>>>>
theorem hypercontractive_inequality:
  fixes p d :: real
  assumes p: "1 \<le> p" "p \<le> 2" and d: "0 \<le> d" "d \<le> p - 1"
  shows "noise_inner d n a a \<le> cube_mean n (\<lambda>x. \<bar>a x\<bar> powr p) powr (2 / p)"
proof (induction n arbitrary: a)
  case 0
  have "(\<bar>a {}\<bar> powr p) powr (2 / p) = (a {})\<^sup>2"
    using p by (simp add: powr_powr powr_numeral)
  then show ?case
    by (simp add: noise_inner_def fourier_def cube_mean_def cube_def chi_def power2_eq_square)
next
  case (Suc n)
  define b where "b x = a (insert n x)" for x
  define pnorm where "pnorm c = cube_mean n (\<lambda>x. \<bar>c x\<bar> powr p) powr (1 / p)" for c
  have pnorm_nonneg: "0 \<le> pnorm c" for c
    by (simp add: pnorm_def)
  have pnorm_sq: "(pnorm c)\<^sup>2 = cube_mean n (\<lambda>x. \<bar>c x\<bar> powr p) powr (2 / p)" for c
    by (simp add: pnorm_def power2_eq_square powr_add[symmetric])
  have pnorm_powr: "pnorm c powr p = cube_mean n (\<lambda>x. \<bar>c x\<bar> powr p)" for c
    using p by (simp add: pnorm_def powr_powr cube_mean_def sum_nonneg)
  have A: "noise_inner d n a a \<le> (pnorm a)\<^sup>2" and B: "noise_inner d n b b \<le> (pnorm b)\<^sup>2"
    using Suc.IH by (simp_all add: pnorm_sq)
  have C: "noise_inner d n a b \<le> pnorm a * pnorm b"
  proof (rule power2_le_imp_le)
    have "(noise_inner d n a b)\<^sup>2 \<le> noise_inner d n a a * noise_inner d n b b"
      using noise_inner_Cauchy_Schwarz[OF d(1)] .
    also have "\<dots> \<le> (pnorm a * pnorm b)\<^sup>2"
      unfolding power_mult_distrib using A B noise_inner_self_nonneg[OF d(1)]
      by (intro mult_mono) auto
    finally show "(noise_inner d n a b)\<^sup>2 \<le> (pnorm a * pnorm b)\<^sup>2" .
  qed (simp add: pnorm_nonneg)
  have "noise_inner d (Suc n) a a
          = ((1 + d) * (noise_inner d n a a + noise_inner d n b b) + 2 * (1 - d) * noise_inner d n a b) / 4"
    unfolding b_def by (rule noise_inner_Suc)
  also have "\<dots> \<le> ((1 + d) * ((pnorm a)\<^sup>2 + (pnorm b)\<^sup>2) + 2 * (1 - d) * (pnorm a * pnorm b)) / 4"
    using A B C d p by (intro divide_right_mono add_mono mult_left_mono) auto
  also have "\<dots> = ((pnorm a + pnorm b) / 2)\<^sup>2 + d * ((pnorm a - pnorm b) / 2)\<^sup>2"
    by (simp add: power2_eq_square field_simps)
  also have "\<dots> \<le> ((pnorm a powr p + pnorm b powr p) / 2) powr (2 / p)"
    using two_point_inequality[OF p d pnorm_nonneg pnorm_nonneg] .
  also have "\<dots> = cube_mean (Suc n) (\<lambda>x. \<bar>a x\<bar> powr p) powr (2 / p)"
    by (simp add: pnorm_powr cube_mean_Suc b_def)
  finally show ?case .
qed

lemma noise_inner_le_density:
  fixes \<delta> M :: real
  assumes "T \<subseteq> cube n" "0 \<le> \<delta>" "\<delta> \<le> 1" "0 \<le> M"
    and "\<And>x. x \<in> cube n \<Longrightarrow> x \<notin> T \<Longrightarrow> f x = 0" "\<And>x. x \<in> T \<Longrightarrow> \<bar>f x\<bar> \<le> M"
  shows "noise_inner \<delta> n f f \<le> M\<^sup>2 * (real (card T) / 2 ^ n) powr (2 / (1 + \<delta>))"
proof -
  define p where "p = 1 + \<delta>"
  have p: "1 \<le> p" "p \<le> 2" "\<delta> \<le> p - 1"
    using assms(2,3) by (simp_all add: p_def)
  have "noise_inner \<delta> n f f \<le> cube_mean n (\<lambda>x. \<bar>f x\<bar> powr p) powr (2 / p)"
    using hypercontractive_inequality[OF p(1,2) assms(2) p(3)] .
  also have "\<dots> \<le> (real (card T) / 2 ^ n * M powr p) powr (2 / p)"
    using assms(1,5,6) p
    by (intro powr_mono2 cube_mean_le) (auto simp: cube_mean_def sum_nonneg intro: powr_mono2)
  also have "\<dots> = (real (card T) / 2 ^ n) powr (2 / p) * (M powr p) powr (2 / p)"
    by (rule powr_mult)
  also have "\<dots> = M\<^sup>2 * (real (card T) / 2 ^ n) powr (2 / p)"
    using assms(4) p by (simp add: powr_powr powr_numeral)
  finally show ?thesis
    by (simp add: p_def)
qed

theorem mainTheorem5:
  fixes n :: nat and T :: "nat set set" and f :: "nat set \<Rightarrow> real"
    and \<delta> \<epsilon> :: real
  assumes "T \<subseteq> cube n" and "T \<noteq> {}"
    and "0 \<le> \<delta>" and "\<delta> \<le> 1" and "0 \<le> \<epsilon>"
    and "\<And>x. x \<in> cube n \<Longrightarrow> x \<notin> T \<Longrightarrow> f x = 0"
    and "\<And>x. x \<in> T \<Longrightarrow> \<bar>f x\<bar> \<le> 1 + \<epsilon>"
  shows "(\<Sum>S\<in>cube n. \<delta> ^ card S * (fourier n f S * 2 ^ n / real (card T))\<^sup>2)
           \<le> (1 + \<epsilon>)\<^sup>2 * (2 ^ n / real (card T)) powr (2 * \<delta>)"
proof -
  define N where "N = 2 ^ n / real (card T)"
  have "0 < card T" "card T \<le> 2 ^ n"
    using assms(1,2) card_mono[OF finite_cube assms(1)] finite_subset[OF assms(1)]
    by (auto simp: card_cube card_gt_0_iff)
  then have N: "1 \<le> N"
    by (simp add: N_def)
  have "(\<Sum>S\<in>cube n. \<delta> ^ card S * (fourier n f S * 2 ^ n / real (card T))\<^sup>2)
          = N\<^sup>2 * noise_inner \<delta> n f f"
    unfolding noise_inner_def sum_distrib_left N_def
    by (intro sum.cong refl) (simp add: power2_eq_square field_simps)
  also have "\<dots> \<le> N\<^sup>2 * ((1 + \<epsilon>)\<^sup>2 * (1 / N) powr (2 / (1 + \<delta>)))"
    using noise_inner_le_density[OF assms(1,3,4) _ assms(6,7)] assms(5)
    by (intro mult_left_mono) (auto simp: N_def)
  also have "\<dots> = (1 + \<epsilon>)\<^sup>2 * N powr (2 - 2 / (1 + \<delta>))"
    using N by (simp add: powr_diff powr_divide powr_numeral field_simps)
  also have "\<dots> \<le> (1 + \<epsilon>)\<^sup>2 * N powr (2 * \<delta>)"
    using N assms(3) by (intro mult_left_mono powr_mono) (auto simp: field_simps)
  finally show ?thesis
    by (simp add: N_def)
qed

end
<<<<
— BRIEF —
The full set of records is to be written out once more, word for word.

— ANSWER TO THIS PROBLEM —
theorem hypercontractive_inequality:
  fixes p d :: real
  assumes p: "1 \<le> p" "p \<le> 2" and d: "0 \<le> d" "d \<le> p - 1"
  shows "noise_inner d n a a \<le> cube_mean n (\<lambda>x. \<bar>a x\<bar> powr p) powr (2 / p)"
proof (induction n arbitrary: a)
  case 0
  have "(\<bar>a {}\<bar> powr p) powr (2 / p) = (a {})\<^sup>2"
    using p by (simp add: powr_powr powr_numeral)
  then show ?case
    by (simp add: noise_inner_def fourier_def cube_mean_def cube_def chi_def power2_eq_square)
next
  case (Suc n)
  define b where "b x = a (insert n x)" for x
  define pnorm where "pnorm c = cube_mean n (\<lambda>x. \<bar>c x\<bar> powr p) powr (1 / p)" for c
  have pnorm_nonneg: "0 \<le> pnorm c" for c
    by (simp add: pnorm_def)
  have pnorm_sq: "(pnorm c)\<^sup>2 = cube_mean n (\<lambda>x. \<bar>c x\<bar> powr p) powr (2 / p)" for c
    by (simp add: pnorm_def power2_eq_square powr_add[symmetric])
  have pnorm_powr: "pnorm c powr p = cube_mean n (\<lambda>x. \<bar>c x\<bar> powr p)" for c
    using p by (simp add: pnorm_def powr_powr cube_mean_def sum_nonneg)
  have A: "noise_inner d n a a \<le> (pnorm a)\<^sup>2" and B: "noise_inner d n b b \<le> (pnorm b)\<^sup>2"
    using Suc.IH by (simp_all add: pnorm_sq)
  have C: "noise_inner d n a b \<le> pnorm a * pnorm b"
  proof (rule power2_le_imp_le)
    have "(noise_inner d n a b)\<^sup>2 \<le> noise_inner d n a a * noise_inner d n b b"
      using noise_inner_Cauchy_Schwarz[OF d(1)] .
    also have "\<dots> \<le> (pnorm a * pnorm b)\<^sup>2"
      unfolding power_mult_distrib using A B noise_inner_self_nonneg[OF d(1)]
      by (intro mult_mono) auto
    finally show "(noise_inner d n a b)\<^sup>2 \<le> (pnorm a * pnorm b)\<^sup>2" .
  qed (simp add: pnorm_nonneg)
  have "noise_inner d (Suc n) a a
          = ((1 + d) * (noise_inner d n a a + noise_inner d n b b) + 2 * (1 - d) * noise_inner d n a b) / 4"
    unfolding b_def by (rule noise_inner_Suc)
  also have "\<dots> \<le> ((1 + d) * ((pnorm a)\<^sup>2 + (pnorm b)\<^sup>2) + 2 * (1 - d) * (pnorm a * pnorm b)) / 4"
    using A B C d p by (intro divide_right_mono add_mono mult_left_mono) auto
  also have "\<dots> = ((pnorm a + pnorm b) / 2)\<^sup>2 + d * ((pnorm a - pnorm b) / 2)\<^sup>2"
    by (simp add: power2_eq_square field_simps)
  also have "\<dots> \<le> ((pnorm a powr p + pnorm b powr p) / 2) powr (2 / p)"
    using two_point_inequality[OF p d pnorm_nonneg pnorm_nonneg] .
  also have "\<dots> = cube_mean (Suc n) (\<lambda>x. \<bar>a x\<bar> powr p) powr (2 / p)"
    by (simp add: pnorm_powr cube_mean_Suc b_def)
  finally show ?case .
qed

lemma noise_inner_le_density:
  fixes \<delta> M :: real
  assumes "T \<subseteq> cube n" "0 \<le> \<delta>" "\<delta> \<le> 1" "0 \<le> M"
    and "\<And>x. x \<in> cube n \<Longrightarrow> x \<notin> T \<Longrightarrow> f x = 0" "\<And>x. x \<in> T \<Longrightarrow> \<bar>f x\<bar> \<le> M"
  shows "noise_inner \<delta> n f f \<le> M\<^sup>2 * (real (card T) / 2 ^ n) powr (2 / (1 + \<delta>))"
proof -
  define p where "p = 1 + \<delta>"
  have p: "1 \<le> p" "p \<le> 2" "\<delta> \<le> p - 1"
    using assms(2,3) by (simp_all add: p_def)
  have "noise_inner \<delta> n f f \<le> cube_mean n (\<lambda>x. \<bar>f x\<bar> powr p) powr (2 / p)"
    using hypercontractive_inequality[OF p(1,2) assms(2) p(3)] .
  also have "\<dots> \<le> (real (card T) / 2 ^ n * M powr p) powr (2 / p)"
    using assms(1,5,6) p
    by (intro powr_mono2 cube_mean_le) (auto simp: cube_mean_def sum_nonneg intro: powr_mono2)
  also have "\<dots> = (real (card T) / 2 ^ n) powr (2 / p) * (M powr p) powr (2 / p)"
    by (rule powr_mult)
  also have "\<dots> = M\<^sup>2 * (real (card T) / 2 ^ n) powr (2 / p)"
    using assms(4) p by (simp add: powr_powr powr_numeral)
  finally show ?thesis
    by (simp add: p_def)
qed

theorem mainTheorem5:
  fixes n :: nat and T :: "nat set set" and f :: "nat set \<Rightarrow> real"
    and \<delta> \<epsilon> :: real
  assumes "T \<subseteq> cube n" and "T \<noteq> {}"
    and "0 \<le> \<delta>" and "\<delta> \<le> 1" and "0 \<le> \<epsilon>"
    and "\<And>x. x \<in> cube n \<Longrightarrow> x \<notin> T \<Longrightarrow> f x = 0"
    and "\<And>x. x \<in> T \<Longrightarrow> \<bar>f x\<bar> \<le> 1 + \<epsilon>"
  shows "(\<Sum>S\<in>cube n. \<delta> ^ card S * (fourier n f S * 2 ^ n / real (card T))\<^sup>2)
           \<le> (1 + \<epsilon>)\<^sup>2 * (2 ^ n / real (card T)) powr (2 * \<delta>)"
proof -
  define N where "N = 2 ^ n / real (card T)"
  have "0 < card T" "card T \<le> 2 ^ n"
    using assms(1,2) card_mono[OF finite_cube assms(1)] finite_subset[OF assms(1)]
    by (auto simp: card_cube card_gt_0_iff)
  then have N: "1 \<le> N"
    by (simp add: N_def)
  have "(\<Sum>S\<in>cube n. \<delta> ^ card S * (fourier n f S * 2 ^ n / real (card T))\<^sup>2)
          = N\<^sup>2 * noise_inner \<delta> n f f"
    unfolding noise_inner_def sum_distrib_left N_def
    by (intro sum.cong refl) (simp add: power2_eq_square field_simps)
  also have "\<dots> \<le> N\<^sup>2 * ((1 + \<epsilon>)\<^sup>2 * (1 / N) powr (2 / (1 + \<delta>)))"
    using noise_inner_le_density[OF assms(1,3,4) _ assms(6,7)] assms(5)
    by (intro mult_left_mono) (auto simp: N_def)
  also have "\<dots> = (1 + \<epsilon>)\<^sup>2 * N powr (2 - 2 / (1 + \<delta>))"
    using N by (simp add: powr_diff powr_divide powr_numeral field_simps)
  also have "\<dots> \<le> (1 + \<epsilon>)\<^sup>2 * N powr (2 * \<delta>)"
    using N assms(3) by (intro mult_left_mono powr_mono) (auto simp: field_simps)
  finally show ?thesis
    by (simp add: N_def)
qed

end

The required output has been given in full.